The Sudan plant has an annual capacity of 400,000 tonnes of magnetite concentrate grading 62 to 64% following an expansion in June 2008. Production in 2008 from the XNS/Sudan complex was estimated to have been over 300,000 tonnes with sales revenues peaking at USD 130/t of concentrate. In early 2009, revenues averaged USD 85/t with operating costs averaging around USD 50 to USD 60/t. Initial productivity improvements are expected to lead to a 50% increase in capacity and a threefold increase in capacity to 1.2mtpa is planned by the end of 2011 funded entirely by incremental cash flow.
Operating margins are expected to remain robust as a result of the realisation of significant cost savings from the expansion of existing operations with the close proximity to local steel mills enabling the operations to capture a transport related pricing premium for its concentrate. This premium is expected to be enhanced by the implementation of a more focused marketing strategy.
Graeme Hossie, Managing Director of London Mining said: "Our first investment in China provides us with immediate operating cash flow and accelerates our existing production profile.
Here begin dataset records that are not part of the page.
text \<open>A, B, C, D are consecutive vertices of a (non-degenerate) convex planar
  quadrilateral: the open diagonals meet and the points are not collinear.\<close>
definition convex_quad :: "pt \<Rightarrow> pt \<Rightarrow> pt \<Rightarrow> pt \<Rightarrow> bool" where
  "convex_quad A B C D \<longleftrightarrow>
     (open_segment A C \<inter> open_segment B D \<noteq> {}) \<and> \<not> collinear {A, B, C, D}"

definition is_net :: "nat \<Rightarrow> nat \<Rightarrow> (nat \<Rightarrow> nat \<Rightarrow> pt) \<Rightarrow> bool" where
  "is_net m n F \<longleftrightarrow>
     (\<forall>i<m. \<forall>j<n. convex_quad (F i j) (F (Suc i) j) (F (Suc i) (Suc j)) (F i (Suc j)))"

definition face_plane :: "(nat \<Rightarrow> nat \<Rightarrow> pt) \<Rightarrow> nat \<Rightarrow> nat \<Rightarrow> pt set" where
  "face_plane F i j = affine hull {F i j, F (Suc i) j, F (Suc i) (Suc j), F i (Suc j)}"

definition hedral_angle :: "pt \<Rightarrow> pt \<Rightarrow> pt \<Rightarrow> pt \<Rightarrow> pt \<Rightarrow> pt set" where
  "hedral_angle X Q1 Q2 Q3 Q4 =
     {X + s *\<^sub>R (q - X) | s q. s \<ge> 0 \<and> q \<in> convex hull {Q1, Q2, Q3, Q4}}"

definition admissible_angle_planes :: "pt \<Rightarrow> pt set \<Rightarrow> pt set \<Rightarrow> pt set \<Rightarrow> pt set \<Rightarrow> bool" where
  "admissible_angle_planes X P1 P2 P3 P4 \<longleftrightarrow>
     (\<exists>Q1 Q2 Q3 Q4.
        convex_quad Q1 Q2 Q3 Q4 \<and> X \<notin> affine hull {Q1, Q2, Q3, Q4} \<and>
        P1 = affine hull {X, Q1, Q2} \<and> P2 = affine hull {X, Q2, Q3} \<and>
        P3 = affine hull {X, Q3, Q4} \<and> P4 = affine hull {X, Q4, Q1} \<and>
        (\<exists>t. X + t *\<^sub>R e3 \<in> interior (hedral_angle X Q1 Q2 Q3 Q4)))"

definition dual_convex :: "nat \<Rightarrow> nat \<Rightarrow> (nat \<Rightarrow> nat \<Rightarrow> pt) \<Rightarrow> bool" where
  "dual_convex m n F \<longleftrightarrow>
     is_net m n F \<and> 2 \<le> m \<and> 2 \<le> n \<and>
     (\<forall>i j. 0 < i \<and> i < m \<and> 0 < j \<and> j < n \<longrightarrow>
        admissible_angle_planes (F i j)
          (face_plane F (i - 1) (j - 1)) (face_plane F i (j - 1))
          (face_plane F i j) (face_plane F (i - 1) j))"

end

theory Submission
  imports Defs
begin

text \<open>At an interior vertex X consecutive face planes meet in the edge lines of the net, so an
  admissible angle at X is determined by edge vectors v1, ..., v4 pointing along the four edges:
  v1, v2, v3 are linearly independent, v4 = a v1 + b v2 + c v3 with a, c > 0 > b (convexity), and
  some multiple of the isotropic direction e3 is a positive combination of v1, ..., v4
  (admissibility). Conversely, such vectors together with planes through consecutive pairs of them
  give back an admissible angle, whose base can be taken to be a parallelogram. All coefficients
  involved are Cramer quotients of triple products, hence continuous, so these conditions are
  open. On each face the vertices move by x \<mapsto> x + t W x for an infinitesimal isotropic
  congruence W, which is an injective affine map, so the faces stay convex quadrilaterals for every
  t; the edge vectors then depend continuously on t, and admissibility at the finitely many
  interior vertices persists for small |t|.\<close>

section \<open>Triple products\<close>

definition triple :: "real^3 \<Rightarrow> real^3 \<Rightarrow> real^3 \<Rightarrow> real" where
  "triple a b c = det (vector [a, b, c] :: real^3^3)"

lemma triple_expand:
  "triple a b c = a$1 * (b$2 * c$3 - b$3 * c$2) - a$2 * (b$1 * c$3 - b$3 * c$1)
     + a$3 * (b$1 * c$2 - b$2 * c$1)"
  unfolding triple_def det_3 by (simp add: vector_3 algebra_simps)

lemma triple_lincomb:
  "triple (x *\<^sub>R a + y *\<^sub>R b + z *\<^sub>R c) b c = x * triple a b c"
  "triple a (x *\<^sub>R a + y *\<^sub>R b + z *\<^sub>R c) c = y * triple a b c"
  "triple a b (x *\<^sub>R a + y *\<^sub>R b + z *\<^sub>R c) = z * triple a b c"
  by (simp_all add: triple_expand algebra_simps)

lemma triple_scaleR: "triple (x *\<^sub>R a) (y *\<^sub>R b) (z *\<^sub>R c) = x * y * z * triple a b c"
  by (simp add: triple_expand algebra_simps)

lemma triple_cramer:
  assumes "triple a b c \<noteq> 0"
  shows "w = (triple w b c / triple a b c) *\<^sub>R a + (triple a w c / triple a b c) *\<^sub>R b
           + (triple a b w / triple a b c) *\<^sub>R c"
proof -
  have "triple a b c *\<^sub>R w = triple w b c *\<^sub>R a + triple a w c *\<^sub>R b + triple a b w *\<^sub>R c"
    unfolding triple_expand vec_eq_iff forall_3 by (simp add: algebra_simps)
  then have "w = (1 / triple a b c) *\<^sub>R (triple w b c *\<^sub>R a + triple a w c *\<^sub>R b + triple a b w *\<^sub>R c)"
    using assms by (metis divide_self_if nonzero_eq_divide_eq scaleR_one scaleR_scaleR)
  then show ?thesis
    by (simp add: scaleR_add_right)
qed

lemma triple_eq_0_iff_dependent:
  "triple a b c = 0 \<longleftrightarrow> (\<exists>x y z. (x \<noteq> 0 \<or> y \<noteq> 0 \<or> z \<noteq> 0) \<and> x *\<^sub>R a + y *\<^sub>R b + z *\<^sub>R c = 0)"
proof
  assume "triple a b c = 0"
  let ?A = "transpose (vector [a, b, c] :: real^3^3)"
  have "\<not> inj ((*v) ?A)"
    using \<open>triple a b c = 0\<close> det_nz_iff_inj[of "(*v) ?A"]
    by (simp add: triple_def det_transpose matrix_vector_mul_linear)
  then obtain p q where "p \<noteq> q" "?A *v p = ?A *v q"
    unfolding inj_def by blast
  then have "p - q \<noteq> 0" "?A *v (p - q) = 0"
    by (simp_all add: matrix_vector_mult_diff_distrib)
  then have "(p - q)$1 \<noteq> 0 \<or> (p - q)$2 \<noteq> 0 \<or> (p - q)$3 \<noteq> 0"
    "(p - q)$1 *\<^sub>R a + (p - q)$2 *\<^sub>R b + (p - q)$3 *\<^sub>R c = 0"
    unfolding vec_eq_iff forall_3
    by (simp_all add: matrix_vector_mult_def transpose_def sum_3 algebra_simps)
  then show "\<exists>x y z. (x \<noteq> 0 \<or> y \<noteq> 0 \<or> z \<noteq> 0) \<and> x *\<^sub>R a + y *\<^sub>R b + z *\<^sub>R c = 0"
    by blast
next
  assume "\<exists>x y z. (x \<noteq> 0 \<or> y \<noteq> 0 \<or> z \<noteq> 0) \<and> x *\<^sub>R a + y *\<^sub>R b + z *\<^sub>R c = 0"
  then obtain x y z where nontrivial: "x \<noteq> 0 \<or> y \<noteq> 0 \<or> z \<noteq> 0"
    and combination: "x *\<^sub>R a + y *\<^sub>R b + z *\<^sub>R c = 0"
    by blast
  have "triple 0 b c = 0" "triple a 0 c = 0" "triple a b 0 = 0"
    by (simp_all add: triple_expand)
  then have "x * triple a b c = 0" "y * triple a b c = 0" "z * triple a b c = 0"
    using triple_lincomb[where x = x and y = y and z = z and a = a and b = b and c = c]
    unfolding combination by simp_all
  then show "triple a b c = 0"
    using nontrivial by auto
qed

lemma tendsto_triple [tendsto_intros]:
  "(f \<longlongrightarrow> a) F \<Longrightarrow> (g \<longlongrightarrow> b) F \<Longrightarrow> (h \<longlongrightarrow> c) F \<Longrightarrow>
    ((\<lambda>x. triple (f x) (g x) (h x)) \<longlongrightarrow> triple a b c) F"
  unfolding triple_expand by (intro tendsto_intros)

lemma eventually_triple_coordinates_in:
  assumes v1: "(v1 \<longlongrightarrow> u1) F" and v2: "(v2 \<longlongrightarrow> u2) F" and v3: "(v3 \<longlongrightarrow> u3) F"
    and w: "(w \<longlongrightarrow> a *\<^sub>R u1 + b *\<^sub>R u2 + c *\<^sub>R u3) F"
    and nonzero: "triple u1 u2 u3 \<noteq> 0"
    and "open A" "open B" "open C" "a \<in> A" "b \<in> B" "c \<in> C"
  shows "\<forall>\<^sub>F t in F. \<exists>y1\<in>A. \<exists>y2\<in>B. \<exists>y3\<in>C. w t = y1 *\<^sub>R v1 t + y2 *\<^sub>R v2 t + y3 *\<^sub>R v3 t"
proof -
  define D where "D t = triple (v1 t) (v2 t) (v3 t)" for t
  have D: "(D \<longlongrightarrow> triple u1 u2 u3) F"
    unfolding D_def using v1 v2 v3 by (intro tendsto_intros)
  have "((\<lambda>t. triple (w t) (v2 t) (v3 t) / D t) \<longlongrightarrow> a) F"
    using tendsto_divide[OF tendsto_triple[OF w v2 v3] D] nonzero by (simp add: triple_lincomb)
  then have 1: "\<forall>\<^sub>F t in F. triple (w t) (v2 t) (v3 t) / D t \<in> A"
    using topological_tendstoD \<open>open A\<close> \<open>a \<in> A\<close> by blast
  have "((\<lambda>t. triple (v1 t) (w t) (v3 t) / D t) \<longlongrightarrow> b) F"
    using tendsto_divide[OF tendsto_triple[OF v1 w v3] D] nonzero by (simp add: triple_lincomb)
  then have 2: "\<forall>\<^sub>F t in F. triple (v1 t) (w t) (v3 t) / D t \<in> B"
    using topological_tendstoD \<open>open B\<close> \<open>b \<in> B\<close> by blast
  have "((\<lambda>t. triple (v1 t) (v2 t) (w t) / D t) \<longlongrightarrow> c) F"
    using tendsto_divide[OF tendsto_triple[OF v1 v2 w] D] nonzero by (simp add: triple_lincomb)
  then have 3: "\<forall>\<^sub>F t in F. triple (v1 t) (v2 t) (w t) / D t \<in> C"
    using topological_tendstoD \<open>open C\<close> \<open>c \<in> C\<close> by blast
  have "\<forall>\<^sub>F t in F. D t \<noteq> 0"
    using tendsto_imp_eventually_ne[OF D nonzero] .
  with 1 2 3 show ?thesis
    by eventually_elim (metis D_def triple_cramer)
qed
China is the world's largest steel producer and iron ore consumer by a significant margin and provides an excellent environment to grow our initial production platform. The recently announced Chinese domestic infrastructure programmes provide opportunity for iron ore producers and London Mining aims to become a significant and reliable supplier of iron ore to the Chinese steel industry, both domestically and from our other operations around the world. London Mining continues to focus on assets with potential for growth and high margin sustainability in geographies close to the intended markets. We are encouraged by the continued involvement of our Chinese partners and feel these relationships will generate unique opportunities for our global business."
For more information, please contact:
London Mining Plc
Graeme Hossie, Managing Director +44 (0)20 7201 5000
Rachel Rhodes, Finance Director +44 (0)20 7201 5000
Thomas Credland, Head of Investor Relations +44 (0)20 7201 5000
Crux Kommunikasjon AS
Charlotte Knudsen +47 97 56 19 59
Threadneedle Communication (UK)
Laurence Read/ Graham Herring +44 (0) 20 76539850
About London Mining
London Mining is incorporated and registered in the UK, and is developing mines to supply the global steel industry. In 2007, London Mining raised over USD 185 million to advance iron ore production from its projects, and listed on the Oslo Axess, a marketplace regulated by the Oslo Stock Exchange in October 2007. Following the sale of its Brazilian operations in August 2008 for more than USD 800 million, the Company has investments in iron ore projects and mines in China, Mexico, Saudi Arabia, Greenland and Sierra Leone, and coal projects and mines in South Africa and Colombia. London Mining is trading under the Reuters symbol LOND.OL and Bloomberg symbol LOND:NO.